Genentech Inc., 1 DNA Way, South San Francisco, CA 94080, USA.
Bioorg Med Chem Lett. 2017 Jul 1;27(13):2974-2981. doi: 10.1016/j.bmcl.2017.05.016. Epub 2017 May 5.
A high-throughput screening (HTS) of the Genentech/Roche library identified a novel, uncharged scaffold as a KDM5A inhibitor. Lacking insight into the binding mode, initial attempts to improve inhibitor potency failed to improve potency, and synthesis of analogs was further hampered by the presence of a C-C bond between the pyrrolidine and pyridine. Replacing this with a C-N bond significantly simplified synthesis, yielding pyrazole analog 35, of which we obtained a co-crystal structure with KDM5A. Using structure-based design approach, we identified 50 with improved biochemical, cell potency and reduced MW and lower lipophilicity (LogD) compared with the original hit. Furthermore, 50 showed lower clearance than 9 in mice. In combination with its remarkably low plasma protein binding (PPB) in mice (40%), oral dosing of 50 at 5mg/kg resulted in unbound C ∼2-fold of its cell potency (PC9 H3K4Me3 0.96μM), meeting our criteria for an in vivo tool compound from a new scaffold.

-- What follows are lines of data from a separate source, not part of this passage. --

(* Let $\mathcal{C}:=\operatorname{conv}(\{\Sigma_e\}_{e\in\mathcal{E}})$ and let $\mathcal{P}$ be the set of all distributions $P$ on $\mathbb{R}^{1\times p}$ with $\mathbb{E}_P[\mathbf{x}]=0$ and finite second moments such that $\mathbb{E}_P[\mathbf{x}^\top\mathbf{x}]\in\mathcal{C}$. Let $\mathcal{L}$ be one of $\mathcal{L}_{\mathrm{RCS}}$, $-\mathcal{L}_{\mathrm{var}}$, $\mathcal{L}_{\mathrm{reg}}$, and let $V_k^*\in\mathcal{O}_{p\times k}$ be a solution of the corresponding problem (maxRCS, minPCA, maxRegret respectively), i.e. $V_k^*\in\arg\min_{V\in\mathcal{O}_{p\times k}}\max_{e\in\mathcal{E}}\mathcal{L}(V;P_e)$. Then: (i) for all $V\in\mathcal{O}_{p\times k}$, $\sup_{P\in\mathcal{P}}\mathcal{L}(V;P)=\max_{e\in\mathcal{E}}\mathcal{L}(V;P_e)$; (ii) for all $V,W\in\mathcal{O}_{p\times k}$, if $\max_e\mathcal{L}(V;P_e)<\max_e\mathcal{L}(W;P_e)$ then $\sup_{P\in\mathcal{P}}\mathcal{L}(V;P)<\sup_{P\in\mathcal{P}}\mathcal{L}(W;P)$; (iii) $V_k^*\in\arg\min_{V\in\mathcal{O}_{p\times k}}\sup_{P\in\mathcal{P}}\mathcal{L}(V;P)$; (iv) the conclusion of (iii) does not hold in general for pooled PCA and separate PCA: there exist $p,k,E$, weights $(w_e)$ and source distributions such that the (unique up to sign) solution $V^{\mathrm{pool}}$ of poolPCA and the solution $V^{\mathrm{sep}}$ of sepPCA are not in $\arg\min_{V}\sup_{P\in\mathcal{P}}\mathcal{L}(V;P)$.
   Context: Let $p\ge 1$ and $1\le k\le p$ be integers and $\mathcal{O}_{p\times k}:=\{V\in\mathbb{R}^{p\times k}: V^\top V=I_k\}$. Source domains are $\mathcal{E}=\{1,\dots,E\}$; for each $e\in\mathcal{E}$, $P_e$ is a distribution on row vectors $\mathbf{x}\in\mathbb{R}^{1\times p}$ with $\mathbb{E}[\mathbf{x}]=0$ and finite covariance $\Sigma_e:=\mathbb{E}[\mathbf{x}^\top\mathbf{x}]$ with $\operatorname{Tr}(\Sigma_e)>0$; weights $w_e>0$ with $\sum_e w_e=1$. For symmetric positive semidefinite $\Sigma$ and $V\in\mathcal{O}_{p\times k}$: $\mathcal{L}_{\mathrm{var}}(V;\Sigma)=\operatorname{Tr}(V^\top\Sigma V)$, $\mathcal{L}_{\mathrm{RCS}}(V;\Sigma)=\operatorname{Tr}(\Sigma)-\operatorname{Tr}(V^\top\Sigma V)$ ($=\mathbb{E}\|\mathbf{x}-\mathbf{x}VV^\top\|_2^2$), $\mathcal{L}_{\mathrm{reg}}(V;\Sigma)=\mathcal{L}_{\mathrm{RCS}}(V;\Sigma)-\min_{W\in\mathcal{O}_{p\times k}}\mathcal{L}_{\mathrm{RCS}}(W;\Sigma)$; for a distribution $P$ with covariance $\Sigma=\mathbb{E}_P[\mathbf{x}^\top\mathbf{x}]$, $\mathcal{L}(V;P):=\mathcal{L}(V;\Sigma)$. poolPCA: $V^{\mathrm{pool}}\in\arg\max_{V\in\mathcal{O}_{p\times k}}\operatorname{Tr}(V^\top\Sigma_{\mathrm{pool}}V)$ with $\Sigma_{\mathrm{pool}}=\sum_e w_e\Sigma_e$. sepPCA: for each $e$ let $V^{*,e}\in\arg\max_V\operatorname{Tr}(V^\top\Sigma_eV)$, let $e_0$ be the smallest index minimizing $\operatorname{Tr}((V^{*,e})^\top\Sigma_eV^{*,e})$, and $V^{\mathrm{sep}}:=V^{*,e_0}$. *)

theory Defs
  imports "HOL-Probability.Probability"
begin

text \<open>Row vectors x in R^{1 x p} are modelled as real^'p; p x k matrices as real^'k^'p
  (rows indexed by 'p, columns by 'k).\<close>

definition stiefel :: "(real^'k^'p) set" where
  "stiefel = {V. transpose V ** V = mat 1}"

definition L_var :: "real^'k^'p \<Rightarrow> real^'p^'p \<Rightarrow> real" where
  "L_var V S = trace (transpose V ** S ** V)"

definition L_RCS :: "real^'k^'p \<Rightarrow> real^'p^'p \<Rightarrow> real" where
  "L_RCS V S = trace S - trace (transpose V ** S ** V)"

definition L_reg :: "real^'k^'p \<Rightarrow> real^'p^'p \<Rightarrow> real" where
  "L_reg V S = L_RCS V S - (INF W\<in>(stiefel :: (real^'k^'p) set). L_RCS W S)"

datatype loss_kind = RCS | NegVar | Reg

fun loss :: "loss_kind \<Rightarrow> real^'k^'p \<Rightarrow> real^'p^'p \<Rightarrow> real" where
  "loss RCS V S = L_RCS V S"
| "loss NegVar V S = - L_var V S"
| "loss Reg V S = L_reg V S"

definition centered_dist :: "(real^'p) measure \<Rightarrow> bool" where
  "centered_dist M \<longleftrightarrow> prob_space M \<and> sets M = sets borel
     \<and> (\<forall>i. integrable M (\<lambda>x. (x$i)^2))
     \<and> (\<forall>i. (\<integral>x. x$i \<partial>M) = 0)"

definition covmat :: "(real^'p) measure \<Rightarrow> real^'p^'p" where
  "covmat M = (\<chi> i j. \<integral>x. x$i * x$j \<partial>M)"

definition lossP :: "loss_kind \<Rightarrow> real^'k^'p \<Rightarrow> (real^'p) measure \<Rightarrow> real" where
  "lossP L V M = loss L V (covmat M)"

definition Pset :: "(nat \<Rightarrow> (real^'p) measure) \<Rightarrow> nat \<Rightarrow> (real^'p) measure set" where
  "Pset Ps E = {M. centered_dist M \<and> covmat M \<in> convex hull ((\<lambda>e. covmat (Ps e)) ` {1..E})}"

definition worst_src :: "loss_kind \<Rightarrow> real^'k^'p \<Rightarrow> (nat \<Rightarrow> (real^'p) measure) \<Rightarrow> nat \<Rightarrow> real" where
  "worst_src L V Ps E = Max ((\<lambda>e. lossP L V (Ps e)) ` {1..E})"

definition sup_risk :: "loss_kind \<Rightarrow> real^'k^'p \<Rightarrow> (nat \<Rightarrow> (real^'p) measure) \<Rightarrow> nat \<Rightarrow> real" where
  "sup_risk L V Ps E = Sup ((\<lambda>M. lossP L V M) ` Pset Ps E)"

definition valid_sources :: "(nat \<Rightarrow> (real^'p) measure) \<Rightarrow> (nat \<Rightarrow> real) \<Rightarrow> nat \<Rightarrow> bool" where
  "valid_sources Ps w E \<longleftrightarrow> E \<ge> 1
     \<and> (\<forall>e\<in>{1..E}. centered_dist (Ps e) \<and> trace (covmat (Ps e)) > 0 \<and> w e > 0)
     \<and> (\<Sum>e=1..E. w e) = 1"

definition pca_sol :: "real^'p^'p \<Rightarrow> real^'k^'p \<Rightarrow> bool" where
  "pca_sol S V \<longleftrightarrow> V \<in> stiefel \<and> (\<forall>W\<in>(stiefel :: (real^'k^'p) set). L_var W S \<le> L_var V S)"

definition pool_cov :: "(nat \<Rightarrow> (real^'p) measure) \<Rightarrow> (nat \<Rightarrow> real) \<Rightarrow> nat \<Rightarrow> real^'p^'p" where
  "pool_cov Ps w E = (\<Sum>e=1..E. w e *\<^sub>R covmat (Ps e))"

definition sep_index :: "(nat \<Rightarrow> (real^'p) measure) \<Rightarrow> nat \<Rightarrow> (nat \<Rightarrow> real^'k^'p) \<Rightarrow> nat" where
  "sep_index Ps E Vs = (LEAST e. e \<in> {1..E} \<and>
      (\<forall>e'\<in>{1..E}. L_var (Vs e) (covmat (Ps e)) \<le> L_var (Vs e') (covmat (Ps e'))))"

definition is_argmin_sup :: "loss_kind \<Rightarrow> real^'k^'p \<Rightarrow> (nat \<Rightarrow> (real^'p) measure) \<Rightarrow> nat \<Rightarrow> bool" where
  "is_argmin_sup L V Ps E \<longleftrightarrow> V \<in> stiefel \<and> (\<forall>W\<in>(stiefel :: (real^'k^'p) set). sup_risk L V Ps E \<le> sup_risk L W Ps E)"

end

theory Submission
  imports Defs
begin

对基因泰克/罗氏文库进行的高通量筛选(HTS)确定了一种新型的、不带电荷的骨架作为KDM5A抑制剂。由于对结合模式缺乏了解,最初提高抑制剂效力的尝试未能成功,且吡咯烷和吡啶之间存在C-C键,这进一步阻碍了类似物的合成。用C-N键取代它显著简化了合成过程,得到了吡唑类似物35,我们获得了它与KDM5A的共晶体结构。使用基于结构的设计方法,我们确定了化合物50,与最初的命中化合物相比,其生化活性、细胞效力得到改善,分子量降低,亲脂性(LogD)降低。此外,化合物50在小鼠体内的清除率低于化合物9。结合其在小鼠体内极低的血浆蛋白结合率(PPB)(40%),以5mg/kg的剂量口服化合物50,导致游离药物浓度约为其细胞效力(PC9 H3K4Me3为0.96μM)的2倍,满足了我们对来自新骨架的体内工具化合物的标准。